(Beginning of EXERCISE MATERIAL)

lemma freq_word_tendsto_weight:
  assumes "finite J"
  shows "(\<lambda>n. freq (subseq n) (\<lambda>y. restrict y J = u)) \<longlonglongrightarrow> weight J u"
proof -
  have "convergent (\<lambda>n. freq (subseq n) (\<lambda>y. restrict y J = u))"
  proof (cases "u \<in> extensional J")
    case True
    obtain c where c: "set c = (\<lambda>i. (i, u i)) ` J"
      using finite_list[of "(\<lambda>i. (i, u i)) ` J"] assms by blast
    have "(\<forall>(i,s)\<in>set c. y i = s) \<longleftrightarrow> restrict y J = u" for y
      using True unfolding c by (auto simp: fun_eq_iff restrict_def extensional_def)
    then have "(\<lambda>n. freq (subseq n) (\<lambda>y. restrict y J = u)) = (\<lambda>n. list_freq (subseq n) c)"
      unfolding list_freq_def by simp
    then show ?thesis using subseq(2) by simp
  next
    case False
    then have "\<And>y. restrict y J \<noteq> u" by auto
    then have "(\<lambda>n. freq (subseq n) (\<lambda>y. restrict y J = u)) = (\<lambda>n. 0)"
      by (simp add: freq_def)
    then show ?thesis by (simp add: convergent_const)
  qed
  then show ?thesis unfolding weight_def by (simp add: convergent_LIMSEQ_iff)
qed

lemma weight_nonneg: "finite J \<Longrightarrow> 0 \<le> weight J u"
  by (rule LIMSEQ_le_const[OF freq_word_tendsto_weight]) (use freq_bounds in auto)
lemma multiples_ideal: "is_ideal (polys_in V) (multiples M V :: ('v, 'k::comm_ring_1) mpoly set)"
proof (rule is_ideal_polys_inI)
  fix a b :: "('v, 'k) mpoly" assume "a \<in> multiples M V" "b \<in> multiples M V"
  then show "a + b \<in> multiples M V" using keys_add[of a b] by (auto simp: multiples_def intro: polys_in_add)
next
  fix x :: "'v \<Rightarrow>\<^sub>0 nat" and c :: 'k and b :: "('v, 'k) mpoly"
  assume x: "keys x \<subseteq> V" and b: "b \<in> multiples M V"
  have "\<exists>m0\<in>M. \<exists>d. m = m0 + d" if "m \<in> keys (single x c * b)" for m
  proof -
    from that obtain y where "y \<in> keys b" "m = x + y" using keys_single_mult by blast
    moreover from b \<open>y \<in> keys b\<close> obtain m0 d where "m0 \<in> M" "y = m0 + d"
      by (auto simp: multiples_def)
    ultimately have "m = m0 + (d + x)" by (simp add: ac_simps)
    with \<open>m0 \<in> M\<close> show ?thesis by blast
  qed
  then show "single x c * b \<in> multiples M V"
    using x b by (auto simp: multiples_def intro: polys_in_mult polys_in_single)
qed (auto simp: multiples_def)

lemma monomial_ideal_keys:
  fixes K :: "('v, 'k::comm_ring_1) mpoly set"
  assumes "monomial_ideal (polys_in V) K" and p: "p \<in> K" and m: "m \<in> keys p"
  shows "mono m \<in> K"
proof -
  from assms(1) obtain M where MR: "mono ` M \<subseteq> (polys_in V :: ('v, 'k) mpoly set)"
    and K: "K = ideal_gen (polys_in V) (mono ` M)"
    unfolding monomial_ideal_def by blast
  have "mono ` M \<subseteq> (multiples M V :: ('v, 'k) mpoly set)" using MR by (force simp: multiples_def)
  then have "p \<in> multiples M V" using p K ideal_gen_least[OF multiples_ideal] by blast
  with m obtain m0 d where m0: "m0 \<in> M" and md: "m = m0 + d" and "keys m \<subseteq> V"
    by (auto simp: multiples_def polys_in_def)
  then have "keys d \<subseteq> V" by (auto simp: in_keys_iff lookup_add)
  moreover have "mono m0 \<in> K" unfolding K using m0 ideal_gen_base by blast
  ultimately have "mono d * mono m0 \<in> K"
    unfolding K by (intro ideal_mult[OF ideal_gen_is_ideal[OF MR]] polys_in_mono)
  then show ?thesis by (simp add: mono_mult md add.commute)
qed

section \<open>Normal forms modulo an ideal with monomial initial ideal\<close>

text \<open>The weight \<open>\<omega>\<close> need not be a term order; reduction modulo \<open>I\<close> terminates only because
  \<open>I\<close> is homogeneous and each degree contains finitely many monomials.\<close>

locale weighted_ideal =
  fixes V :: "'v set" and I :: "('v, 'k::field) mpoly set" and \<omega> :: "'v \<Rightarrow> real"
    and deg :: "('v \<Rightarrow>\<^sub>0 nat) \<Rightarrow> 'D"
  assumes ideal: "is_ideal (polys_in V) I"
    and monomial_init_ideal: "monomial_ideal (polys_in V) (init_ideal (polys_in V) \<omega> I)"
    and homogeneous: "\<And>f D. f \<in> I \<Longrightarrow> pfilter (\<lambda>m. deg m = D) f \<in> I"
    and finite_degree: "\<And>D. finite {m. keys m \<subseteq> V \<and> deg m = D}"
begin

abbreviation "inI \<equiv> init_ideal (polys_in V) \<omega> I"
abbreviation "wt \<equiv> mweight \<omega>"

lemma ideal_subset_polys: "I \<subseteq> polys_in V"
  by (rule ideal_subset[OF ideal])

lemma init_in_init_ideal: "f \<in> I \<Longrightarrow> init \<omega> f \<in> inI"
  unfolding init_ideal_def using ideal_gen_base by blast

definition standard :: "('v \<Rightarrow>\<^sub>0 nat) \<Rightarrow> bool" where
  "standard m \<longleftrightarrow> (mono m :: ('v, 'k) mpoly) \<notin> inI"

lemma standard_supported_eq_0:
  assumes p: "p \<in> I" and standard: "\<And>m. m \<in> keys p \<Longrightarrow> standard m"
  shows "p = 0"
proof (rule ccontr)
  assume "p \<noteq> 0"
  then obtain m where m: "m \<in> keys p" "wt m = maxw \<omega> p" using maxw_attained by blast
  then have "m \<in> keys (init \<omega> p)" by (simp add: keys_init)
  then have "mono m \<in> inI"
    using monomial_ideal_keys[OF monomial_init_ideal init_in_init_ideal[OF p]] by blast
  with standard[OF m(1)] show False by (simp add: standard_def)
qed
text \<open>
  Write \<open>f\<^sub>\<nu> = c\<^sub>\<nu> (1 + x\<^sup>2/\<nu>) powr (-(\<nu>+1)/2)\<close> for the t density and \<open>F\<^sub>\<nu>\<close> for its
  distribution function, and let \<open>\<nu>\<^sub>1 \<le> \<nu>\<^sub>2\<close>. Log-convexity of \<open>Gamma\<close> shows that
  \<open>\<psi>(x) = (Gamma (x+1/2) / Gamma x)\<^sup>4 (x+1/2) / x\<^sup>3\<close> satisfies \<open>\<psi>(x) \<le> \<psi>(x+1)\<close> and
  \<open>\<psi>(x) \<le> 1 + 1/(2x)\<close>, so \<open>\<psi> \<le> 1\<close>, which says exactly that \<open>c\<^sub>\<nu> \<le> c\<^sub>\<nu>\<^sub>+\<^sub>1\<close>. Moreover
  \<open>ln (f\<^sub>\<nu>\<^sub>2 / f\<^sub>\<nu>\<^sub>1)\<close>, as a function of \<open>x\<^sup>2\<close>, increases on \<open>[0,1]\<close> and decreases after.
  Together, \<open>f\<^sub>\<nu>\<^sub>2 - f\<^sub>\<nu>\<^sub>1\<close> is even, has total mass 0 and changes sign at most once on
  \<open>[0,\<infinity>)\<close>, from \<open>+\<close> to \<open>-\<close>; hence \<open>G = F\<^sub>\<nu>\<^sub>2 - F\<^sub>\<nu>\<^sub>1\<close> is odd and nonnegative on \<open>[0,\<infinity>)\<close>.

  If \<open>X\<close> and \<open>Y\<close> are independent and \<open>X\<close> has density \<open>f\<close>, then
  \<open>P(X + Y \<le> h) = \<integral> f(x) F\<^sub>Y(h - x) dx\<close>. So it suffices that \<open>\<integral> f(x) G(h - x) dx \<ge> 0\<close>
  for \<open>h > 0\<close> and every integrable \<open>f\<close> decreasing in \<open>\<bar>x\<bar>\<close>; this follows by pairing \<open>x\<close> with its
  mirror image \<open>2h - x\<close>. Replacing the law of one summand at a time then gives
  \<open>P(T\<^sub>1 + T\<^sub>1' \<le> h) \<le> P(T\<^sub>1 + T\<^sub>2 \<le> h) \<le> P(T\<^sub>2 + T\<^sub>2' \<le> h)\<close>.
\<close>

section \<open>The normalising constant\<close>

definition student_t_const :: "real \<Rightarrow> real" where
  "student_t_const nu = Gamma ((nu + 1) / 2) / (sqrt (nu * pi) * Gamma (nu / 2))"
lemma dt_u_time:
  "pt (dt_u u f1) x t = px (\<lambda>y s. - 2 * bseq (dt_u u f1) (n + 2) y s
      - 2 * alpha * (\<Sum>j\<in>{1..N}. (dt_phi lams xi f1 phi j y s)\<^sup>2)) x t"
proof -
  interpret darboux_data "slice u t" "slice (dt_u u f1) t" "sigma t" xi "slice f1 t" lams N
      "\<lambda>j. slice (phi j) t" "\<lambda>j. slice (dt_phi lams xi f1 phi j) t" n alpha eta
    by (rule darboux_data_slice)
  have Qf: "Qop1 n N alpha eta (slice u t) (\<lambda>j. slice (phi j) t) xi (slice f1 t)
      = (\<lambda>y. rho y * slice f1 t y)"
    by (rule Qop1_f)
  have f1_slice: "px (px f1) x t = dx (dx (slice f1 t)) x" "px f1 x t = dx (slice f1 t) x"
    "f1 x t = slice f1 t x"
    unfolding px_slice slice_px by (simp_all add: slice_def)
  have F_nz: "slice f1 t x \<noteq> 0" using f1_nz by (simp add: slice_def)
  have smooth: "smooth u" "smooth f1" using dec_u dec_f1 unfolding decaying_def by blast+
  have "pt (dt_u u f1) x t = pt u x t + 2 * dx (dx rho) x"
    unfolding pt_dt_u[OF smooth f1_nz[rule_format]]
    unfolding pt_slice_lax[OF f1_lax] pt_px_slice_lax[OF dec_f1 f1_lax]
      pt_px_px_slice_lax[OF dec_f1 f1_lax] Qf
    unfolding f1_slice dx_log_derivative_mult[OF smooth1_rho smooth1_f F_nz] ..
  also have "pt u x t = px (\<lambda>y s. - 2 * bseq u (n + 2) y s
      - 2 * alpha * (\<Sum>j\<in>{1..N}. (phi j y s)\<^sup>2)) x t"
    using sol unfolding kdv_scs_def by blast
  also have "\<dots> = dx (\<lambda>y. - 2 * bseq1 (slice u t) (n + 2) y
      - 2 * alpha * (\<Sum>j\<in>{1..N}. (slice (phi j) t y)\<^sup>2)) x" (is "_ = dx ?G x")
    by (rule px_kdv_flux_slice)
  also have "dx ?G x + 2 * dx (dx rho) x = dx (\<lambda>y. ?G y + 2 * dx rho y) x"
  proof -
    have "smooth1 ?G"
      unfolding power2_eq_square
      using smooth1_bseq1[OF decaying_v] smooth1_ph
      by (intro smooth1_diff smooth1_cmult smooth1_sum smooth1_mult) (auto simp del: bseq1.simps)
    then show ?thesis using smooth1_rho by (simp only: dx_rules)
  qed
  also have "\<dots> = px (\<lambda>y s. - 2 * bseq (dt_u u f1) (n + 2) y s
      - 2 * alpha * (\<Sum>j\<in>{1..N}. (dt_phi lams xi f1 phi j y s)\<^sup>2)) x t"
    unfolding px_kdv_flux_slice kdv_darboux ..
  finally show ?thesis .
qed

end

theorem proposition4p1:
  fixes n N :: nat and alpha eta xi :: complex and lams :: "nat \<Rightarrow> complex"
    and u f1 :: fn and phi :: "nat \<Rightarrow> fn"
  assumes distinct: "inj_on lams {1..N}"
    and sol: "kdv_scs n N alpha lams u phi"
    and f1_lax: "lax_pair n N alpha eta u phi xi f1"
    and f1_nz: "\<forall>x t. f1 x t \<noteq> 0"
    and xi_ne: "\<forall>j\<in>{1..N}. lams j \<noteq> xi"
    and dec_u: "decaying u" and dec_phi: "\<forall>j\<in>{1..N}. decaying (phi j)"
    and dec_f1: "decaying f1"
    and dec_ubar: "decaying (dt_u u f1)"
    and dec_phibar: "\<forall>j\<in>{1..N}. decaying (dt_phi lams xi f1 phi j)"
  shows "(\<forall>lam psi. decaying psi \<and> decaying (dt_psi f1 psi)
              \<and> lax_pair n N alpha eta u phi lam psi
            \<longrightarrow> lax_pair n N alpha eta (dt_u u f1) (dt_phi lams xi f1 phi) lam (dt_psi f1 psi))
         \<and> kdv_scs n N alpha lams (dt_u u f1) (dt_phi lams xi f1 phi)"
proof -
  interpret kdv_scs_darboux n N alpha eta xi lams u f1 phi
    by unfold_locales (fact sol f1_lax f1_nz xi_ne dec_u dec_phi dec_f1 dec_ubar dec_phibar)+
  show ?thesis
  proof (intro conjI allI impI)
    fix lam psi
    assume "decaying psi \<and> decaying (dt_psi f1 psi) \<and> lax_pair n N alpha eta u phi lam psi"
    then show "lax_pair n N alpha eta (dt_u u f1) (dt_phi lams xi f1 phi) lam (dt_psi f1 psi)"
      using dt_psi_eigen dt_psi_time unfolding lax_pair_def[of n N alpha eta "dt_u u f1"] by blast
  next
    show "kdv_scs n N alpha lams (dt_u u f1) (dt_phi lams xi f1 phi)"
      unfolding kdv_scs_def using dt_u_time dt_phi_eigen by blast
  qed
qed

end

(End of EXERCISE MATERIAL)

PROBLEM TO WORK ON: The reply should hold only the lines of the listing above starting at the line containing "multiples_ideal] by blast" and ending at the line containing "proof (rule ccontr)", exactly as written.

SOLUTION TO THE EXERCISE:
  then have "p \<in> multiples M V" using p K ideal_gen_least[OF multiples_ideal] by blast
  with m obtain m0 d where m0: "m0 \<in> M" and md: "m = m0 + d" and "keys m \<subseteq> V"
    by (auto simp: multiples_def polys_in_def)
  then have "keys d \<subseteq> V" by (auto simp: in_keys_iff lookup_add)
  moreover have "mono m0 \<in> K" unfolding K using m0 ideal_gen_base by blast
  ultimately have "mono d * mono m0 \<in> K"
    unfolding K by (intro ideal_mult[OF ideal_gen_is_ideal[OF MR]] polys_in_mono)
  then show ?thesis by (simp add: mono_mult md add.commute)
qed

section \<open>Normal forms modulo an ideal with monomial initial ideal\<close>

text \<open>The weight \<open>\<omega>\<close> need not be a term order; reduction modulo \<open>I\<close> terminates only because
  \<open>I\<close> is homogeneous and each degree contains finitely many monomials.\<close>

locale weighted_ideal =
  fixes V :: "'v set" and I :: "('v, 'k::field) mpoly set" and \<omega> :: "'v \<Rightarrow> real"
    and deg :: "('v \<Rightarrow>\<^sub>0 nat) \<Rightarrow> 'D"
  assumes ideal: "is_ideal (polys_in V) I"
    and monomial_init_ideal: "monomial_ideal (polys_in V) (init_ideal (polys_in V) \<omega> I)"
    and homogeneous: "\<And>f D. f \<in> I \<Longrightarrow> pfilter (\<lambda>m. deg m = D) f \<in> I"
    and finite_degree: "\<And>D. finite {m. keys m \<subseteq> V \<and> deg m = D}"
begin

abbreviation "inI \<equiv> init_ideal (polys_in V) \<omega> I"
abbreviation "wt \<equiv> mweight \<omega>"

lemma ideal_subset_polys: "I \<subseteq> polys_in V"
  by (rule ideal_subset[OF ideal])

lemma init_in_init_ideal: "f \<in> I \<Longrightarrow> init \<omega> f \<in> inI"
  unfolding init_ideal_def using ideal_gen_base by blast

definition standard :: "('v \<Rightarrow>\<^sub>0 nat) \<Rightarrow> bool" where
  "standard m \<longleftrightarrow> (mono m :: ('v, 'k) mpoly) \<notin> inI"

lemma standard_supported_eq_0:
  assumes p: "p \<in> I" and standard: "\<And>m. m \<in> keys p \<Longrightarrow> standard m"
  shows "p = 0"
proof (rule ccontr)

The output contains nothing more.